Всем своим видом парень пытался изобразить бывалого урку и для убедительности поигрывал бицепсами – на левом синела какая-то армейская татуировка. На самом деле этот мелкий рэкетир, судя по всему, попал в камеру первый раз, и за его показной грубостью скрывался тщательно маскируемый страх перед будущим…
– Так не просят, – негромко ответил Михеев, спокойно глядя на стриженого бугая снизу вверх. – Ты волшебное слово сказать забыл.
«Работник рэкета» так растерялся, что даже приоткрыл рот.
– Ты чё?.. Ты чё, дед, больной, что ли?
Парень сделал было шажок к старику, но у того из-под полуприкрытых век блеснул неожиданно такой взгляд – бычка словно финкой по лицу полоснуло… Он даже не понял, почему ему вдруг расхотелось взять этого старикана за шкирку и хорошенько встряхнуть, чтоб знал свое место…
Парень потоптался, что-то ворча, и полез обратно на свои нары. По камере словно вздох удивления пронесся, а Юрий Александрович снова прикрыл глаза. Он очень устал, последние двое суток спать ему не пришлось ни минуты… И Михеев снова окунулся то ли в дремоту, то ли в воспоминания, которые казались сном…

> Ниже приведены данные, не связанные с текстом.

lemma wspace_eq_zero_if_scale_eq_zero:
  assumes "module (ract act)" and P: "is_max_ideal P" and a: "a \<notin> P"
    and v: "v \<in> wspace act P" and av: "ract act a v = 0"
  shows "v = 0"
proof -
  interpret module "ract act" by fact
  obtain b where "b * a - 1 \<in> P" using max_ideal_inverse_mod[OF P a] by blast
  then have "ract act (b * a - 1) v = 0" using v by (simp add: wspace_def)
  moreover have "ract act (b * a) v = 0" using av by (metis scale_scale scale_zero_right)
  ultimately show ?thesis by (simp add: scale_left_diff_distrib)
qed

lemma inj_on_wspace_if_comp_eq_scale:
  assumes md: "module (ract act)" and P: "is_max_ideal P" and a: "a \<notin> P"
    and comp: "\<forall>v\<in>wspace act P. g (f v) = ract act a v"
  shows "inj_on f (wspace act P)"
proof (rule inj_onI)
  interpret module "ract act" by fact
  fix v w assume v: "v \<in> wspace act P" and w: "w \<in> wspace act P" and "f v = f w"
  then have "ract act a v = ract act a w" using comp by metis
  then have "ract act a (v - w) = 0" by (simp add: scale_right_diff_distrib)
  then have "v - w = 0" by (rule wspace_eq_zero_if_scale_eq_zero[OF md P a wspace_diff[OF md v w]])
  then show "v = w" by simp
qed

lemma res_basis_card_le_if_semilinear_inj:
  assumes md: "module (ract act)" and Q: "is_max_ideal Q"
    and bS: "res_basis act P (wspace act P) S"
    and bT: "res_basis act Q (wspace act Q) T"
    and "additive f"
    and maps: "f ` wspace act P \<subseteq> wspace act Q"
    and inj: "inj_on f (wspace act P)"
    and semilinear: "\<forall>r. \<forall>v\<in>wspace act P. f (ract act r v) = ract act (\<tau> r) (f v)"
    and \<tau>: "surj \<tau>" "\<tau> ` P \<subseteq> Q"
  shows "card S \<le> card T"
proof -
  interpret module "ract act" by fact
  interpret additive f by fact
  have S: "finite S" "S \<subseteq> wspace act P" "res_indep act P S"
    using bS by (auto simp: res_basis_def)
  have T: "finite T" "T \<subseteq> wspace act Q" "wspace act Q \<subseteq> res_span act T"
    using bT by (auto simp: res_basis_def)
  have "\<forall>u\<in>T. \<forall>r\<in>Q. ract act r u = 0"
    using T(2) by (auto simp: wspace_def)
  moreover have "indep_mod (ract act) Q S f"
    unfolding indep_mod_def
  proof (intro allI impI)
    fix d assume d: "(\<Sum>a\<in>S. ract act (d a) (f a)) = 0"
    define d' where "d' a = inv \<tau> (d a)" for a
    have d': "d a = \<tau> (d' a)" for a using \<tau>(1) by (simp add: d'_def surj_f_inv_f)
    define w where "w = (\<Sum>a\<in>S. ract act (d' a) a)"
    have w: "w \<in> wspace act P"
      unfolding w_def using S(2) by (intro wspace_sum[OF md] ballI wspace_scale[OF md]) auto
    have "f w = (\<Sum>a\<in>S. f (ract act (d' a) a))"
      unfolding w_def by (rule sum)
    also have "\<dots> = (\<Sum>a\<in>S. ract act (d a) (f a))"
      unfolding d' using S(2) semilinear by (intro sum.cong) auto
    finally have "f w = f 0" using d zero by simp
    then have "w = 0" using inj_onD[OF inj _ w wspace_zero[OF md]] by blast
    then have "\<forall>a\<in>S. d' a \<in> P"
      using S(3)[unfolded res_indep_def, rule_format, of d'] by (simp add: w_def)
    then show "\<forall>a\<in>S. d a \<in> Q" using d' \<tau>(2) by blast
  qed
  moreover have "\<forall>a\<in>S. \<exists>c. f a = (\<Sum>u\<in>T. ract act (c u) u)"
  proof
    fix a assume "a \<in> S"
    then have "f a \<in> res_span act T" using S(2) maps T(3) by blast
    then show "\<exists>c. f a = (\<Sum>u\<in>T. ract act (c u) u)" by (auto simp: res_span_def)
  qed
  ultimately show ?thesis by (rule indep_mod_card_le[OF md Q T(1) _ S(1)])
qed

lemma funpow_fixes_zero: "(f :: 'a::zero \<Rightarrow> 'a) 0 = 0 \<Longrightarrow> (f ^^ n) 0 = 0"
  by (induction n) simp_all

lemma spow_ring_aut_zero: "is_ring_aut \<sigma> \<Longrightarrow> spow \<sigma> k 0 = 0"
  by (simp add: spow_def funpow_fixes_zero ring_aut_zero ring_aut_inv)

lemma spow_0_1_neg1: "spow \<sigma> 0 = id" "spow \<sigma> 1 = \<sigma>" "spow \<sigma> (-1) = inv \<sigma>"
  by (auto simp: spow_def)

lemma skew_mult_tmono:
  assumes "is_ring_aut \<sigma>"
  shows "skew_mult \<sigma> (tmono a k) (tmono b l) = tmono (a * spow \<sigma> k b) (k + l)"
proof (rule ext)
  fix n
  show "skew_mult \<sigma> (tmono a k) (tmono b l) n = tmono (a * spow \<sigma> k b) (k + l) n"
  proof (cases "a = 0")
    case True
    then show ?thesis by (simp add: skew_mult_def tmono_def)
  next
    case False
    then have "{k'. tmono a k k' \<noteq> 0} = {k}" by (auto simp: tmono_def)
    then show ?thesis using spow_ring_aut_zero[OF assms] by (auto simp: skew_mult_def tmono_def)
  qed
qed

lemma zero_mem_Iseq:
  assumes s: "is_ring_aut \<sigma>" and H: "is_ideal H" and J: "is_ideal J"
  shows "0 \<in> Iseq \<sigma> H J n"
proof -
  have "0 \<in> Ipos \<sigma> J k" for k
    by (cases k) (auto simp: ideal_zero[OF J] ideal_prod_def intro: exI[of _ 0])
  moreover have "0 \<in> Ineg \<sigma> H k" for k
  proof (cases k)
    case (Suc k')
    have "0 \<in> inv \<sigma> ` H"
      using ideal_zero[OF H] ring_aut_zero[OF ring_aut_inv[OF s]] by (metis image_eqI)
    then show ?thesis using Suc by (auto simp: ideal_prod_def intro: exI[of _ 0])
  qed simp
  ultimately show ?thesis by (simp add: Iseq_def)
qed

lemma tmono_mem_BR_alg:
  assumes "is_ring_aut \<sigma>" "is_ideal H" "is_ideal J" and a: "a \<in> Iseq \<sigma> H J k"
  shows "tmono a k \<in> BR_alg \<sigma> H J"
proof -
  have "finite {n. tmono a k n \<noteq> 0}"
    by (rule finite_subset[of _ "{k}"]) (auto simp: tmono_def)
  then show ?thesis using a zero_mem_Iseq[OF assms(1-3)] by (auto simp: BR_alg_def tmono_def)
qed

lemma Iseq_0_1_neg1: "Iseq \<sigma> H J 0 = UNIV" "Iseq \<sigma> H J 1 = J" "Iseq \<sigma> H J (-1) = inv \<sigma> ` H"
  by (auto simp: Iseq_def)

section \<open>Modules over the Bell--Rogalski algebra\<close>

locale BR_module =
  fixes \<sigma> :: "'r::idom \<Rightarrow> 'r" and H J :: "'r set"
    and act :: "(int \<Rightarrow> 'r) \<Rightarrow> 'm::ab_group_add \<Rightarrow> 'm"
  assumes aut: "is_ring_aut \<sigma>" and H: "is_ideal H" and J: "is_ideal J"
    and module: "is_B_module \<sigma> H J act"
begin

lemma tmono_J_mem: "j \<in> J \<Longrightarrow> tmono j 1 \<in> BR_alg \<sigma> H J"
  by (rule tmono_mem_BR_alg[OF aut H J]) (simp add: Iseq_0_1_neg1)

lemma tmono_H_mem: "h \<in> H \<Longrightarrow> tmono (inv \<sigma> h) (-1) \<in> BR_alg \<sigma> H J"
  by (rule tmono_mem_BR_alg[OF aut H J]) (simp add: Iseq_0_1_neg1)

lemma act_add_left:
  "f \<in> BR_alg \<sigma> H J \<Longrightarrow> g \<in> BR_alg \<sigma> H J \<Longrightarrow> act (\<lambda>n. f n + g n) v = act f v + act g v"
  using module by (simp add: is_B_module_def)

lemma additive_act: "f \<in> BR_alg \<sigma> H J \<Longrightarrow> additive (act f)"
  using module by (simp add: is_B_module_def additive_def)

lemma act_tmono_act_tmono:
  assumes "a \<in> Iseq \<sigma> H J k" "b \<in> Iseq \<sigma> H J l"
  shows "act (tmono a k) (act (tmono b l) v) = act (tmono (a * spow \<sigma> k b) (k + l)) v"
  using module tmono_mem_BR_alg[OF aut H J assms(1)] tmono_mem_BR_alg[OF aut H J assms(2)]
  by (simp add: is_B_module_def skew_mult_tmono[OF aut, symmetric])

lemma module_ract: "module (ract act)"
proof
  fix a b :: 'r and x y :: 'm
  have T0: "tmono r 0 \<in> BR_alg \<sigma> H J" for r
    by (rule tmono_mem_BR_alg[OF aut H J]) (simp add: Iseq_0_1_neg1)
  show "ract act a (x + y) = ract act a x + ract act a y"
    using additive.add[OF additive_act[OF T0]] by (simp add: ract_def)
  have "(\<lambda>n. tmono a 0 n + tmono b 0 n) = tmono (a + b) 0" by (auto simp: tmono_def)
  then show "ract act (a + b) x = ract act a x + ract act b x"
    using act_add_left[OF T0 T0, of a b x] by (simp add: ract_def)
  show "ract act a (ract act b x) = ract act (a * b) x"
    using act_tmono_act_tmono[of a 0 b 0 x] by (simp add: ract_def Iseq_0_1_neg1 spow_0_1_neg1)
  show "ract act 1 x = x"
    using module by (simp add: ract_def is_B_module_def)
qed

В спецлагере Севураллага публика подобралась довольно пестрая – тут всякой твари было по паре, но основную массу зеков составили «враги народа». Блатные называли их презрительно троцкистами-вредителями. Больше всего в этих недавно еще вполне благополучных людях Юрку поражала готовность предавать и пресмыкаться перед кем угодно – лагерной администрацией ли, блатарями ли. Сломленные и забитые, «политические» быстро теряли человеческий облик, и никаких чувств, кроме презрения, у Михеева не вызывали… Нет, не все они, конечно, были такими, но – подавляющее большинство. Они стучали друг на друга за лишний кусок, отчаянно цепляясь за жизнь, и почти каждый трогательно верил в то, что попал в лагерь по ошибке, что «все исправится, когда „там разберутся“»… Особняком держались офицеры-фронтовики – эти были мужиками сильными и стояли друг за друга, никому не веря. Юрка потянулся было к ним, но они блатаря в свою касту не приняли. Да и не так долго пробыл Юрка в Севураллаге… С блатными Михеев сначала жил мирно, они признали Юрку за своего и даже крестили вскоре, дав ему погоняло Барон. Кличка эта возникла не случайно – хорошее воспитание, полученное Юркой в детстве, наложилось на благоприобретенное блатное пижонство и щегольство, а все вместе породило совершенно непередаваемую манеру держаться и говорить: ни дать ни взять вор-аристократ, вроде тех, про которых в старых лагерных песнях поют…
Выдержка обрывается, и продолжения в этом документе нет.